Extracted information Block Start
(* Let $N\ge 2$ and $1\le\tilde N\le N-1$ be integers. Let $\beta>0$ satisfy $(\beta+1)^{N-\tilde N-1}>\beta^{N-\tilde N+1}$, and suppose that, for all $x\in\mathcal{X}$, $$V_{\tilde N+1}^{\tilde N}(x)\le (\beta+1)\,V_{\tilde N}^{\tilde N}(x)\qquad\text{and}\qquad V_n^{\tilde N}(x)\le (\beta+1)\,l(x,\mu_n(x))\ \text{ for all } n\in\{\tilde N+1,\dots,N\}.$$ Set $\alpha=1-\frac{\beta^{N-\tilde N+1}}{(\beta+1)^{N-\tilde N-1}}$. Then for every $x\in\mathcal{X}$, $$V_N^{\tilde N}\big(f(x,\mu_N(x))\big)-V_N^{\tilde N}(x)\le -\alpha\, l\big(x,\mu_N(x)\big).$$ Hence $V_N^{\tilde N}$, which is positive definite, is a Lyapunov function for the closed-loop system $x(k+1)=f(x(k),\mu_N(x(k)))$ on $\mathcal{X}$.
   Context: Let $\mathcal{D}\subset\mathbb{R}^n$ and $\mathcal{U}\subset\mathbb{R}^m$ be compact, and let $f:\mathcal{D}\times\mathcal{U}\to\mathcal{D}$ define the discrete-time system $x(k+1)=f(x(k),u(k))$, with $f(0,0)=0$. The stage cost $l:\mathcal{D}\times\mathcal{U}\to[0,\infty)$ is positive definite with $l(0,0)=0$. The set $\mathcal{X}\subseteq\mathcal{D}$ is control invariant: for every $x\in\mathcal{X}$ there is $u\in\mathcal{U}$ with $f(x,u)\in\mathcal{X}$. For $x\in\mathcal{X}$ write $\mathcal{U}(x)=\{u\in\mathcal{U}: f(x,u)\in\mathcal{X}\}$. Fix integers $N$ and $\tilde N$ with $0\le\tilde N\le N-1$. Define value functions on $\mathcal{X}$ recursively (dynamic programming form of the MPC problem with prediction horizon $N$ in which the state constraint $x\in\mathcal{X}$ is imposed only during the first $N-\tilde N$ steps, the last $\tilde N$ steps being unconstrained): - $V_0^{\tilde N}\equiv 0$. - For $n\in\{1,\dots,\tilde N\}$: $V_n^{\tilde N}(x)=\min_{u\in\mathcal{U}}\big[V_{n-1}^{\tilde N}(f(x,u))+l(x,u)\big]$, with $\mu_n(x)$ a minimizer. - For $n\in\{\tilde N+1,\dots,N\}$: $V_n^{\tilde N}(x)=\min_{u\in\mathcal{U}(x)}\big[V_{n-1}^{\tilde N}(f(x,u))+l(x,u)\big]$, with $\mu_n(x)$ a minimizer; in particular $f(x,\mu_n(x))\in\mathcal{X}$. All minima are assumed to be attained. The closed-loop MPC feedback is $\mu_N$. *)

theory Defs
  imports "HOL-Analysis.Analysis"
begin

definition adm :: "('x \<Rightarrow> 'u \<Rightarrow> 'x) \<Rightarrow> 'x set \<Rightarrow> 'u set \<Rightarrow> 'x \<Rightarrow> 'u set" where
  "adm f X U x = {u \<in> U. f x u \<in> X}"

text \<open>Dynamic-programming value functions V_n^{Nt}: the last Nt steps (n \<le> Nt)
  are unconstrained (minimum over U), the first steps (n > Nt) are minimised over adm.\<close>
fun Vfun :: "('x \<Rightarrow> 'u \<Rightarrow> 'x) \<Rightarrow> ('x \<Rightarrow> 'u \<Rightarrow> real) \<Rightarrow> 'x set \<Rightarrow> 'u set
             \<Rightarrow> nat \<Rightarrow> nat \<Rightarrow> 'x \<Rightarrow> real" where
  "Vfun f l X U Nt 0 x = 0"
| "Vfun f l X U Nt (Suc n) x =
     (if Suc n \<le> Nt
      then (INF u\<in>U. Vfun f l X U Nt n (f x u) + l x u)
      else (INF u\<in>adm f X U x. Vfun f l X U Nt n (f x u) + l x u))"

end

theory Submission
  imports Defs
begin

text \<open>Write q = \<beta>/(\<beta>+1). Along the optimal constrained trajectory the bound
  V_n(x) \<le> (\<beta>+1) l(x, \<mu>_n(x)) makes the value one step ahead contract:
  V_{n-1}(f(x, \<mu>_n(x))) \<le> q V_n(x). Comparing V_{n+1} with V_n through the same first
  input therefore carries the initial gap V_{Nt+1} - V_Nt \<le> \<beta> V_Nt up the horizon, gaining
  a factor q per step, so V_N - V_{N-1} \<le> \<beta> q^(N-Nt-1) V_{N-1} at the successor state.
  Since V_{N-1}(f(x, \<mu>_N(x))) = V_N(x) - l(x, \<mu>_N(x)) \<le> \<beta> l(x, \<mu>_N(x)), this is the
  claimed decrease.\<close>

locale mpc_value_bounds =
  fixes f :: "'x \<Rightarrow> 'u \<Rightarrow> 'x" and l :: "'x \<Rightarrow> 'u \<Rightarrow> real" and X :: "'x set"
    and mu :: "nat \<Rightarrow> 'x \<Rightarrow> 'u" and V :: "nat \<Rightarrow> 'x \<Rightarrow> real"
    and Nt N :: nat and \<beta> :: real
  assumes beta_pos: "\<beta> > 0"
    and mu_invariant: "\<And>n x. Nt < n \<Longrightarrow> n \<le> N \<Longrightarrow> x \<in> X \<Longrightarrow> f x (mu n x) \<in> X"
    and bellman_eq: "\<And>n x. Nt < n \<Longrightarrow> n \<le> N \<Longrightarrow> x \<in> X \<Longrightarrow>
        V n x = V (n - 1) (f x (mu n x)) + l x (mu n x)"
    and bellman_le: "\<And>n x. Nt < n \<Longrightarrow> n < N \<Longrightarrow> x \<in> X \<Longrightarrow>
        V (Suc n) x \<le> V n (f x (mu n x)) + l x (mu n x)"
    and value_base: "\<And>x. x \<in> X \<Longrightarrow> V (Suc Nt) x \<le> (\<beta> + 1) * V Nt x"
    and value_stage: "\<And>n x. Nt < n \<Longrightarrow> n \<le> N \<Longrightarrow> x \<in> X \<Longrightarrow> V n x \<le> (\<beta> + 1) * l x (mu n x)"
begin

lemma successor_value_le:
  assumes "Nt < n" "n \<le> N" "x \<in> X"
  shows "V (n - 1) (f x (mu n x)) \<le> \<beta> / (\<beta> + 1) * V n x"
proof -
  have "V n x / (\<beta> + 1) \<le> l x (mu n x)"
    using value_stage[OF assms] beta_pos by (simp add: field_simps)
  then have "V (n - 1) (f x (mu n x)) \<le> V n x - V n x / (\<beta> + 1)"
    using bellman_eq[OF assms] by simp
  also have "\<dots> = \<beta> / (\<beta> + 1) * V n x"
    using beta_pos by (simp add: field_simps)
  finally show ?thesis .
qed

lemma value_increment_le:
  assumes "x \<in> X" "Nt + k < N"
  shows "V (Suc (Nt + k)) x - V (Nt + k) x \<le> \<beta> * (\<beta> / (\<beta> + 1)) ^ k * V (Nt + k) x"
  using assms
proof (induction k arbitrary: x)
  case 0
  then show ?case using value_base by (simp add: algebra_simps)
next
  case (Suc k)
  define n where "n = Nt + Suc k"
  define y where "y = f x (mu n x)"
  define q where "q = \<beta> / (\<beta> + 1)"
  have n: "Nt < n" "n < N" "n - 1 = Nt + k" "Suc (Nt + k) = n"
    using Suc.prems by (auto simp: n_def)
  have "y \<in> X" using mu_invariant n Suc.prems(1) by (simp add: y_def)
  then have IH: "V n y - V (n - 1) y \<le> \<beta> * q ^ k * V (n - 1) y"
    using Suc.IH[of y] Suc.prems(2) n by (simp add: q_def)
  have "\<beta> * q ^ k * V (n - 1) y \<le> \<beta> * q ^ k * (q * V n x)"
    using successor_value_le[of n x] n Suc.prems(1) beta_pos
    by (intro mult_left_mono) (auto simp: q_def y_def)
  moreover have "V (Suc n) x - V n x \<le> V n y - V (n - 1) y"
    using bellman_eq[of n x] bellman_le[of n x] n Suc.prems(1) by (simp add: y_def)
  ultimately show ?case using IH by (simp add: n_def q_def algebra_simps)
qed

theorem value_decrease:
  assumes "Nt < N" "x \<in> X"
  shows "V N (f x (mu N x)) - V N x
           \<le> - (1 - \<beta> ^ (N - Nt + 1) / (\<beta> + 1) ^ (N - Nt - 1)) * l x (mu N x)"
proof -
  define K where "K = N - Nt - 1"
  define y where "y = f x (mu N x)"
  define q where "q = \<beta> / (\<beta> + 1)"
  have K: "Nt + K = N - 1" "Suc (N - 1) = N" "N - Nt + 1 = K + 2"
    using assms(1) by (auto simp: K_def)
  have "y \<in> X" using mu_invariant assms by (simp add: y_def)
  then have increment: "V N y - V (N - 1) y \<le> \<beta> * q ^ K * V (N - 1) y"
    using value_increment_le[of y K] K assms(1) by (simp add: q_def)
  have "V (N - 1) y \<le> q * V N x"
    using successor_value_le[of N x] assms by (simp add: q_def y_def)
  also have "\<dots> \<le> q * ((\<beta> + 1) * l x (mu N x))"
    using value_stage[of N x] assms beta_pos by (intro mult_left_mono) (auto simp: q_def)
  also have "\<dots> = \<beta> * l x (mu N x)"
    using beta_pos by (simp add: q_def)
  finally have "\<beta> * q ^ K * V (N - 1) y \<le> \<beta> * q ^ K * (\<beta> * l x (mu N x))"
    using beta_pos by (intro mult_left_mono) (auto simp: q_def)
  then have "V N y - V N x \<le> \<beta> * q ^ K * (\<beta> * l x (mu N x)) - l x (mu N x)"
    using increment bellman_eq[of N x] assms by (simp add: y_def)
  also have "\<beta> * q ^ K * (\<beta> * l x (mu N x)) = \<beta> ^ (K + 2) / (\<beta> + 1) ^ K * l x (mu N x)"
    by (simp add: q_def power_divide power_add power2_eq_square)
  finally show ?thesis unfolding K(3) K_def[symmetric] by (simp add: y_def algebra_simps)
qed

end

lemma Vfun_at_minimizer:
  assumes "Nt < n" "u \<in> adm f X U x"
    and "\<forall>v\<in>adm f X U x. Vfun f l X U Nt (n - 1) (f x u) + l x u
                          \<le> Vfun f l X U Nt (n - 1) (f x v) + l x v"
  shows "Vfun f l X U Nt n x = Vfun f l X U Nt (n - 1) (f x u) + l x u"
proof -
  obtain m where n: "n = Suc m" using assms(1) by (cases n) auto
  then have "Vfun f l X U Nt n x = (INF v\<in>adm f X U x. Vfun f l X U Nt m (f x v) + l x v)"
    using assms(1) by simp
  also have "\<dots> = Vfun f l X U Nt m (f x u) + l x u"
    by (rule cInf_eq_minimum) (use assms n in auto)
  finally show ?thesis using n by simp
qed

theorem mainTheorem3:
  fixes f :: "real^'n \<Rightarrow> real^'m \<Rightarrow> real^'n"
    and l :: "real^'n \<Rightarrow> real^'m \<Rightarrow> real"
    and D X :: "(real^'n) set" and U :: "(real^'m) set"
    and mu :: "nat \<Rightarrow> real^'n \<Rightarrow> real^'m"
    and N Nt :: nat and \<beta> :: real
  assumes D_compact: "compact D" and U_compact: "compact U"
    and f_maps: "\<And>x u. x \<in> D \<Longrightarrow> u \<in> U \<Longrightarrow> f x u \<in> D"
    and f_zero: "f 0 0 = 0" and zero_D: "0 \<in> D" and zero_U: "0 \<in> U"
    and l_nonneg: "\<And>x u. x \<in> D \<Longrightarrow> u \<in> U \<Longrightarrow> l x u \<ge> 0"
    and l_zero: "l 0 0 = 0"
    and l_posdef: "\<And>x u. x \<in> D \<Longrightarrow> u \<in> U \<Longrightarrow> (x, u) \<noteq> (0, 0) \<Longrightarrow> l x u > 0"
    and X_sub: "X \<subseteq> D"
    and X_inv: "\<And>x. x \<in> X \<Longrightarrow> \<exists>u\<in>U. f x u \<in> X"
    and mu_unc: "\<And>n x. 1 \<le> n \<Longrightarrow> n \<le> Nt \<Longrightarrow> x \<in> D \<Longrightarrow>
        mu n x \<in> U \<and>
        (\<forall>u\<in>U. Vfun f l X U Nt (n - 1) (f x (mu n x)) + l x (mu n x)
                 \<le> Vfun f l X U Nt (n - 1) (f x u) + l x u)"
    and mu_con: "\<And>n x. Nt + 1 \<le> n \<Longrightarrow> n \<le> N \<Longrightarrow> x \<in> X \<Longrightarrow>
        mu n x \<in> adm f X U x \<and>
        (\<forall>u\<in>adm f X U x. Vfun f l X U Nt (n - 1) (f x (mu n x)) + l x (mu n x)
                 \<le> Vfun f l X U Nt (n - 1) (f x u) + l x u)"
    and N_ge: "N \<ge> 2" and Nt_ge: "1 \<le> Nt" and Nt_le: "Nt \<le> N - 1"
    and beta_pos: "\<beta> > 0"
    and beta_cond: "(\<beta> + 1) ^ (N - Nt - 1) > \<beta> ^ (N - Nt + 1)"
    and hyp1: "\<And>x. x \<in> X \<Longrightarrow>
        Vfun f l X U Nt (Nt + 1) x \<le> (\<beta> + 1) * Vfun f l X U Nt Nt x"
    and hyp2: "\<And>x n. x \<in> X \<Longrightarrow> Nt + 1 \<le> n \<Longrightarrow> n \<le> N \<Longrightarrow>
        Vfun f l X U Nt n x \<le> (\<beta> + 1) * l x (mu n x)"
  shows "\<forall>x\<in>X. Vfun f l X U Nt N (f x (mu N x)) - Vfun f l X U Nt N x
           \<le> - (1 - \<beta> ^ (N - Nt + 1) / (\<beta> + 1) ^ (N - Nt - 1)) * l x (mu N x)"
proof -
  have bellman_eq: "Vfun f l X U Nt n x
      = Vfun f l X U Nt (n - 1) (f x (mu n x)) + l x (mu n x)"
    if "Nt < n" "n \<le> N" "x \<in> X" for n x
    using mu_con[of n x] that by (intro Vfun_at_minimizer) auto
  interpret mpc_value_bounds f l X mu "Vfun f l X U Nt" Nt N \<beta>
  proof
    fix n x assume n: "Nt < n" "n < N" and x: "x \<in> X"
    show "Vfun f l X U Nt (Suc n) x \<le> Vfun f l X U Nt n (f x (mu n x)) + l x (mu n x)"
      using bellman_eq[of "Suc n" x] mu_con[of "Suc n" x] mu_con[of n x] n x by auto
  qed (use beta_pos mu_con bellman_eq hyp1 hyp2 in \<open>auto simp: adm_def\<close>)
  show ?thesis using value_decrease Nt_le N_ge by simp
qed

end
Extracted information Block End
What you should do »
Begin at the line above that has "Nt \<Longrightarrow> x \<in> D \<Longrightarrow>" and stop after the line that has "Vfun f l X U Nt n x \<le>", copying each line exactly and adding nothing else.

The answer »
    and mu_unc: "\<And>n x. 1 \<le> n \<Longrightarrow> n \<le> Nt \<Longrightarrow> x \<in> D \<Longrightarrow>
        mu n x \<in> U \<and>
        (\<forall>u\<in>U. Vfun f l X U Nt (n - 1) (f x (mu n x)) + l x (mu n x)
                 \<le> Vfun f l X U Nt (n - 1) (f x u) + l x u)"
    and mu_con: "\<And>n x. Nt + 1 \<le> n \<Longrightarrow> n \<le> N \<Longrightarrow> x \<in> X \<Longrightarrow>
        mu n x \<in> adm f X U x \<and>
        (\<forall>u\<in>adm f X U x. Vfun f l X U Nt (n - 1) (f x (mu n x)) + l x (mu n x)
                 \<le> Vfun f l X U Nt (n - 1) (f x u) + l x u)"
    and N_ge: "N \<ge> 2" and Nt_ge: "1 \<le> Nt" and Nt_le: "Nt \<le> N - 1"
    and beta_pos: "\<beta> > 0"
    and beta_cond: "(\<beta> + 1) ^ (N - Nt - 1) > \<beta> ^ (N - Nt + 1)"
    and hyp1: "\<And>x. x \<in> X \<Longrightarrow>
        Vfun f l X U Nt (Nt + 1) x \<le> (\<beta> + 1) * Vfun f l X U Nt Nt x"
    and hyp2: "\<And>x n. x \<in> X \<Longrightarrow> Nt + 1 \<le> n \<Longrightarrow> n \<le> N \<Longrightarrow>
        Vfun f l X U Nt n x \<le> (\<beta> + 1) * l x (mu n x)"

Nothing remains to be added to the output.